Colombian historian, archaeologist, anthropologist (born 1952)

Ana María Groot de Mahecha (born 29 August 1952 in Bogotá) is a Colombian historian, archaeologist, anthropologist and associate professor at the Department of Anthropology of the Universidad Nacional de Colombia. Ana Mariá Groot speaks Spanish, English and French.

== Biography ==
Ana María Groot de Mahecha (other sources give second last name Sáenz) was born in Bogotá on 29 August 1952. She attended the Colegio Santa Francisca Romana and studied anthropology at the Universidad de los Andes, obtaining her MSc. title in 1974 with a thesis named Excavaciones Arqueológicas en Tierradentro. Estudio sobre cerámica y su posible uso en la elaboración de la sal ("Archaeological excavations in Tierradentro. Study about ceramics and its possible use in the elaboration of salt"). In 2008 Ana María Groot obtained her PhD degree in history of the Universidad Nacional de Colombia with a thesis named Trabajo y vida cotidiana en los pueblos productores de sal en el altiplano de Bogotá, siglos XVI-XVII ("Daily work and life of the salt producing peoples on the Bogotá plateau, 16th-17th centuries").
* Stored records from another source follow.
(* Let $k$ be a field and let $d,m$ be integers with $d$ odd and $5\le d<m-1$. Set $a=(d+1)/2$. Then \[ k[\Delta(d,m)]\cong k[x_1,\dots,x_m]/(I_{a,2,m-1},\; x_1x_m I_{a-1,3,m-2}). \]
   Context: For integers $2\le d<m$, $\Delta(d,m)$ denotes the boundary simplicial complex of the cyclic polytope $C_d(m)$, the convex hull in $\mathbb{R}^d$ of $f(t_1),\dots,f(t_m)$ with $t_1<\dots<t_m$ real and $f(t)=(t,t^2,\dots,t^d)$; vertex $i$ corresponds to $f(t_i)$, and the faces are $\emptyset$ and the vertex sets of proper faces of $C_d(m)$. $k[\Delta]=k[x_1,\dots,x_m]/I_\Delta$ is the Stanley–Reisner ring, $I_\Delta$ being generated by the squarefree monomials $\prod_{t\in W}x_t$ with $W\notin\Delta$. For positive integers $a,p,q$ with $p<q$ and $2a\le q-p+2$, $I_{a,p,q}$ denotes the ideal generated by all monomials $x_{t_1}\cdots x_{t_a}$ with $p\le t_1$, $t_a\le q$ and $t_j+2\le t_{j+1}$ for $1\le j\le a-1$. *)

theory Defs
  imports "HOL-Analysis.Analysis" "HOL-Library.Poly_Mapping" "HOL-Algebra.QuotRing"
begin

type_synonym 'k mpoly = "(nat \<Rightarrow>\<^sub>0 nat) \<Rightarrow>\<^sub>0 'k"

definition pvar :: "nat \<Rightarrow> 'k::comm_ring_1 mpoly" where
  "pvar i = Poly_Mapping.single (Poly_Mapping.single i 1) 1"

definition pconst :: "'k::comm_ring_1 \<Rightarrow> 'k mpoly" where
  "pconst c = Poly_Mapping.single 0 c"

definition poly_ring_m :: "nat \<Rightarrow> ('k::field mpoly) ring" where
  "poly_ring_m m = \<lparr>carrier = {p. \<forall>\<mu>\<in>Poly_Mapping.keys p. Poly_Mapping.keys \<mu> \<subseteq> {1..m}},
                    monoid.mult = (*), one = 1, zero = 0, add = (+)\<rparr>"

definition sqf_monomial :: "nat set \<Rightarrow> 'k::comm_ring_1 mpoly" where
  "sqf_monomial W = (\<Prod>t\<in>W. pvar t)"

text \<open>Isomorphism of k-algebras between two quotients of k[x_1,...,x_m]:
  a ring isomorphism that is compatible with the k-structure (sends the class of
  each constant c to the class of c).\<close>
definition kalg_iso_quot :: "nat \<Rightarrow> 'k::field mpoly set \<Rightarrow> 'k mpoly set \<Rightarrow> bool" where
  "kalg_iso_quot m I J \<longleftrightarrow>
     (\<exists>\<phi> \<in> ring_iso (poly_ring_m m Quot I) (poly_ring_m m Quot J).
        \<forall>c. \<phi> (I +>\<^bsub>poly_ring_m m\<^esub> pconst c) = J +>\<^bsub>poly_ring_m m\<^esub> pconst c)"

text \<open>Coordinates of R^d are represented by a finite type 'n with d = CARD('n); we fix
  a numbering of the coordinates by 1..d.\<close>
definition coord_index :: "'n::finite \<Rightarrow> nat" where
  "coord_index = (SOME r. bij_betw r (UNIV::'n set) {1..CARD('n)})"

definition moment :: "real \<Rightarrow> real ^ 'n::finite" where
  "moment s = (\<chi> j. s ^ coord_index j)"

definition cyclic_polytope :: "'n::finite itself \<Rightarrow> (nat \<Rightarrow> real) \<Rightarrow> nat \<Rightarrow> (real ^ 'n) set" where
  "cyclic_polytope _ t m = convex hull ((\<lambda>i. moment (t i) :: real ^ 'n) ` {1..m})"

text \<open>Faces of the boundary complex Delta(d,m): vertex sets of proper faces of C_d(m)
  (the empty face included).\<close>
definition cyclic_boundary_complex :: "'n::finite itself \<Rightarrow> (nat \<Rightarrow> real) \<Rightarrow> nat \<Rightarrow> nat set set" where
  "cyclic_boundary_complex T t m =
     {W. \<exists>F. F face_of cyclic_polytope T t m \<and> F \<noteq> cyclic_polytope T t m \<and>
             W = {i\<in>{1..m}. (moment (t i) :: real ^ 'n) \<in> F}}"

definition stanley_reisner_ideal :: "nat \<Rightarrow> nat set set \<Rightarrow> 'k::field mpoly set" where
  "stanley_reisner_ideal m \<Delta> =
     genideal (poly_ring_m m) {sqf_monomial W | W. W \<subseteq> {1..m} \<and> W \<notin> \<Delta>}"

text \<open>Generators of I_{a,p,q}: x_{t_1}...x_{t_a} with p <= t_1, t_a <= q, t_j + 2 <= t_{j+1};
  the index sequence is recorded as the set of its entries.\<close>
definition gens_I :: "nat \<Rightarrow> nat \<Rightarrow> nat \<Rightarrow> 'k::comm_ring_1 mpoly set" where
  "gens_I a p q = {sqf_monomial S | S. S \<subseteq> {p..q} \<and> card S = a \<and>
                      (\<forall>x\<in>S. \<forall>y\<in>S. x < y \<longrightarrow> x + 2 \<le> y)}"

end

theory Submission
  imports Defs "HOL-Computational_Algebra.Polynomial"
begin

text \<open>The affine functions \<open>b - h \<bullet> f(s)\<close> on the moment curve are exactly the real
  polynomials of degree at most \<open>d\<close> in \<open>s\<close>. Hence \<open>W\<close> is a face of \<open>C\<^sub>d(m)\<close> iff some such
  polynomial vanishes at the \<open>t\<^sub>i\<close> with \<open>i \<in> W\<close> and is positive at the other \<open>t\<^sub>j\<close>.

  If \<open>W\<close> contains the support of a generator of the right-hand ideal, there are \<open>d + 2\<close>
  indices at which such a polynomial would have to alternate in sign; its divided difference
  over these nodes vanishes, so it vanishes at all of them and is zero. If \<open>W\<close> contains no such
  support, the runs of \<open>W\<close> yield a set \<open>E \<subseteq> W\<close> with \<open>|W| + |E| \<le> 2a - 1 = d\<close> satisfying Gale's
  evenness condition, and the product of the factors \<open>s - t\<^sub>i\<close> over \<open>W\<close> and over \<open>E\<close>, with a
  suitable sign, is such a polynomial. So the non-faces are exactly the sets containing one of
  these supports, and the two ideals coincide.\<close>

section \<open>Divided differences and sign-alternating polynomials\<close>

lemma sign_prod_diff_pos:
  fixes t :: "'a::linorder \<Rightarrow> real"
  assumes "strict_mono_on B t" "finite A" "A \<subseteq> B" "j \<in> B" "j \<notin> A"
  shows "0 < (-1) ^ card {i\<in>A. j < i} * (\<Prod>i\<in>A. t j - t i)"
  using assms(2,3,5)
proof (induction A rule: finite_induct)
  case (insert x A)
  let ?s = "(-1::real) ^ card {i\<in>A. j < i} * (\<Prod>i\<in>A. t j - t i)"
  have pos: "0 < ?s"
    using insert by simp
  have x: "x \<in> B" "x \<noteq> j"
    using insert.prems by auto
  show ?case
  proof (cases "j < x")
    case True
    then have "{i\<in>insert x A. j < i} = insert x {i\<in>A. j < i}"
      by auto
    then have "(-1) ^ card {i\<in>insert x A. j < i} * (\<Prod>i\<in>insert x A. t j - t i)
        = (t x - t j) * ?s"
      using insert.hyps by (simp add: algebra_simps)
    moreover have "t j < t x"
      using strict_mono_onD[OF assms(1) assms(4) x(1) True] .
    ultimately show ?thesis
      using pos by simp
  next
    case False
    then have "x < j"
      using x(2) by simp
    then have "{i\<in>insert x A. j < i} = {i\<in>A. j < i}"
      by auto
    then have "(-1) ^ card {i\<in>insert x A. j < i} * (\<Prod>i\<in>insert x A. t j - t i)
        = (t j - t x) * ?s"
      using insert.hyps by simp
    moreover have "t x < t j"
      using strict_mono_onD[OF assms(1) x(1) assms(4) \<open>x < j\<close>] .
    ultimately show ?thesis
      using pos by simp
  qed
qed simp

text \<open>The leading coefficient of the polynomial interpolating \<open>f\<close> at the nodes \<open>S\<close>.\<close>
definition divided_difference :: "real set \<Rightarrow> (real \<Rightarrow> real) \<Rightarrow> real" where
  "divided_difference S f = (\<Sum>k\<in>S. f k / (\<Prod>l\<in>S - {k}. k - l))"

lemma divided_difference_add:
  "divided_difference S (\<lambda>x. f x + g x) = divided_difference S f + divided_difference S g"
  unfolding divided_difference_def by (simp add: add_divide_distrib sum.distrib)

lemma divided_difference_diff:
  "divided_difference S (\<lambda>x. f x - g x) = divided_difference S f - divided_difference S g"
  unfolding divided_difference_def by (simp add: diff_divide_distrib sum_subtractf)

lemma divided_difference_cmult:
  "divided_difference S (\<lambda>x. c * f x) = c * divided_difference S f"
  unfolding divided_difference_def by (simp add: sum_distrib_left)

lemma divided_difference_singleton: "divided_difference {b} f = f b"
  unfolding divided_difference_def by simp

lemma divided_difference_mult_linear:
  assumes "finite S" "a \<in> S"
  shows "divided_difference S (\<lambda>x. (x - a) * f x) = divided_difference (S - {a}) f"
proof -
  have "divided_difference S (\<lambda>x. (x - a) * f x)
      = (\<Sum>k\<in>S - {a}. (k - a) * f k / (\<Prod>l\<in>S - {k}. k - l))"
    unfolding divided_difference_def by (simp add: sum.remove[OF assms])
  also have "\<dots> = (\<Sum>k\<in>S - {a}. f k / (\<Prod>l\<in>S - {a} - {k}. k - l))"
  proof (rule sum.cong[OF refl])
    fix k assume k: "k \<in> S - {a}"
    have "(\<Prod>l\<in>S - {k}. k - l) = (k - a) * (\<Prod>l\<in>S - {a} - {k}. k - l)"
      using assms k by (subst prod.remove[of _ a]) (auto intro: prod.cong)
    then show "(k - a) * f k / (\<Prod>l\<in>S - {k}. k - l) = f k / (\<Prod>l\<in>S - {a} - {k}. k - l)"
      using k by simp
  qed
  finally show ?thesis
    unfolding divided_difference_def .
qed

lemma divided_difference_const:
  assumes "finite S" "2 \<le> card S"
  shows "divided_difference S (\<lambda>_. 1) = 0"
  using assms
proof (induction "card S" arbitrary: S rule: less_induct)
  case less
  obtain a b where ab: "a \<in> S" "b \<in> S" "a \<noteq> b"
    using less.prems by (metis card_le_Suc0_iff_eq not_less_eq_eq numeral_2_eq_2)
  have smaller: "divided_difference (S - {a}) (\<lambda>_. 1) = divided_difference (S - {b}) (\<lambda>_. 1)"
  proof (cases "card S = 2")
    case True
    then have "S - {a} = {b}" "S - {b} = {a}"
      using ab by (auto simp: card_2_iff)
    then show ?thesis
      by (simp add: divided_difference_singleton)
  next
    case False
    then show ?thesis
      using less ab by (simp add: card_Diff_singleton)
  qed
  have "(b - a) * divided_difference S (\<lambda>_. 1)
      = divided_difference S (\<lambda>x. (x - a) * 1 - (x - b) * 1)"
    by (simp add: divided_difference_cmult[symmetric])
  also have "\<dots> = 0"
    using smaller by (simp only: divided_difference_diff divided_difference_mult_linear less.prems ab)
  finally show ?case
    using ab by simp
qed

lemma divided_difference_power:
  assumes "finite S" "e + 2 \<le> card S"
  shows "divided_difference S (\<lambda>x. x ^ e) = 0"
  using assms
proof (induction e arbitrary: S)
  case 0
  then show ?case
    using divided_difference_const by simp
next
  case (Suc e)
  obtain a where a: "a \<in> S"
    using Suc.prems by fastforce
  have "divided_difference S (\<lambda>x. x ^ Suc e) = divided_difference S (\<lambda>x. (x - a) * x ^ e + a * x ^ e)"
    by (simp add: algebra_simps)
  also have "\<dots> = divided_difference (S - {a}) (\<lambda>x. x ^ e) + a * divided_difference S (\<lambda>x. x ^ e)"
    by (simp only: divided_difference_add divided_difference_cmult
        divided_difference_mult_linear[OF Suc.prems(1) a])
  also have "\<dots> = 0"
    using Suc a by simp
  finally show ?case .
qed

lemma divided_difference_poly:
  assumes "finite S" "degree p + 2 \<le> card S"
  shows "divided_difference S (poly p) = 0"
proof -
  have "divided_difference S (poly p)
      = (\<Sum>i\<le>degree p. coeff p i * divided_difference S (\<lambda>x. x ^ i))"
    unfolding divided_difference_def poly_altdef sum_divide_distrib
    by (subst sum.swap) (simp add: sum_distrib_left)
  also have "\<dots> = 0"
    using divided_difference_power[OF assms(1)] assms(2) by simp
  finally show ?thesis .
qed

lemma alternating_nonneg_poly_eq_0:
  fixes p :: "real poly"
  assumes "finite S" "degree p + 2 \<le> card S"
    and alternating: "\<And>s. s \<in> S \<Longrightarrow> 0 \<le> (-1) ^ card {l\<in>S. s < l} * poly p s"
  shows "p = 0"
proof (rule poly_eqI_degree)
  define D where "D k = (\<Prod>l\<in>S - {k}. k - l)" for k
  have sign_D: "0 < (-1) ^ card {l\<in>S. k < l} * D k" if "k \<in> S" for k
  proof -
    have "{l\<in>S. k < l} = {l\<in>S - {k}. k < l}"
      by auto
    then show ?thesis
      using sign_prod_diff_pos[OF strict_mono_on_id, of "S - {k}" "insert k S" k] assms(1)
      unfolding D_def by auto
  qed
  have nonneg: "0 \<le> poly p k / D k" if "k \<in> S" for k
  proof -
    have "poly p k / D k
        = ((-1) ^ card {l\<in>S. k < l} * poly p k) / ((-1) ^ card {l\<in>S. k < l} * D k)"
      by simp
    also have "0 \<le> \<dots>"
      using alternating[OF that] sign_D[OF that] by (rule divide_nonneg_pos)
    finally show ?thesis .
  qed
  have "(\<Sum>k\<in>S. poly p k / D k) = 0"
    using divided_difference_poly[OF assms(1,2)] unfolding divided_difference_def D_def .
  then have quotient_0: "\<forall>k\<in>S. poly p k / D k = 0"
    using sum_nonneg_eq_0_iff[OF assms(1), of "\<lambda>k. poly p k / D k"] nonneg by simp
  show "poly p x = poly 0 x" if "x \<in> S" for x
  proof -
    have "D x \<noteq> 0"
      using sign_D[OF that] by auto
    then show ?thesis
      using quotient_0 that by auto
  qed
qed (use assms(2) in simp_all)

section \<open>Faces of the cyclic polytope and polynomials on the moment curve\<close>

lemma bij_coord_index: "bij_betw (coord_index :: 'n::finite \<Rightarrow> nat) UNIV {1..CARD('n)}"
proof -
  have "\<exists>r. bij_betw r (UNIV::'n set) {1..CARD('n)}"
    by (rule finite_same_card_bij) auto
  then show ?thesis
    unfolding coord_index_def by (rule someI_ex)
qed

lemma inner_moment: "h \<bullet> (moment s :: real^'n::finite) = (\<Sum>j\<in>UNIV. h $ j * s ^ coord_index j)"
  by (simp add: inner_vec_def moment_def)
Groot has published on the archaeology and anthropology of pre-Columbian indigenous cultures such as Tierradentro, San Agustín, Nariño, Tairona and the Muisca, predominantly about their use of salt from the mines of Nemocón and Zipaquirá.

== Selected works ==

=== Books ===
- 2008 – Sal y poder en el altiplano de Bogotá, 1537-1640
- 2006 – Arqueologia y patrimonio : conocimiento y apropiacion social
- 1992 – Checua: Una secuencia cultural entre 8500 y 3000 años antes del presente
- 1991 – Intento de delimitación del territorio de los grupos étnicos pastos y quillacingas en el altiplano nariñense
- 1989 - Colombia prehispánica: regiones arqueológicas; chapters I, VIII, IX

=== Articles ===
- 2014 - Apropiación social del patrimonio arqueológico del municipio de Nemocón, Cundinamarca: un camino entre la ciencia, la sociedad y la política
- 2012 - Una historia de vida entre el pasado y el presente de Colombia: Homenaje a Alicia Dussán de Reichel-Dolmatoff
- 2006 - Paisajes arqueológicos relacionados con el camino principal andino (Qhapaq Ñan)
- 2000 - Dieta y bioantropología de los pobladores tempranos del valle medio del río Checua
- 2000 - Sal, caminos y mercaderes: el caso de los muiscas en el siglo XVI
- 2000 - Caminos Precolombinos: las vías, los ingenieros y los viajeros
- 1999 - Las Salinas de Zipaquirá
- 1990 - Excavaciones arqueológicas en el municipio de Nemocón
- 1988 – Las Federaciones de aldeas: el caso de los muiscas y de los taironas
- 1986 - Generalidades sobre el poblamiento prehispánico del Parque Nacional Natural Tairona
- 1983 - Ciudad Perdida: Una población serrana de los taironas

=== Lectures ===
- 2015 - La mita salinera en el Nuevo Reino de Granada y el rol de las mujeres: el caso de los muiscas en el altiplano de Bogotá

== See also ==

- List of Muisca scholars
- Muisca, salt mining
- Muisca women, Nemocón, Zipaquirá, Checua

== Notable works by Groot ==
- Groot de Mahecha, Ana María (2014). "Sal y poder en el altiplano de Bogotá, 1537-1640"
- Groot de Mahecha, Ana María (2012). "Una historia de vida entre el pasado y el presente de Colombia: Homenaje a Alicia Dussán de Reichel-Dolmatoff - A history of life between the past and the present of Colombia: hommage to Alicia Dussán de Reichel-Dolmatoff"
- Groot de Mahecha, Ana María (1992). "Checua: Una secuencia cultural entre 8500 y 3000 años antes del presente - Checua: a cultural sequence between 8500 and 3000 years before present"

== Bibliography ==
- Olivos Lombana, Andrés (2006). "Historia de Tocancipá: olleros y sembradores - History of Tocancipá: pot makers and sowers"
- Pinto Nolla, María (2003). "Galindo, un sitio a cielo abierto de cazadores/recolectores en la Sábana de Bogotá (Colombia) - Galindo, an open air site of hunters/gatherers on the Bogotá savanna (Colombia)"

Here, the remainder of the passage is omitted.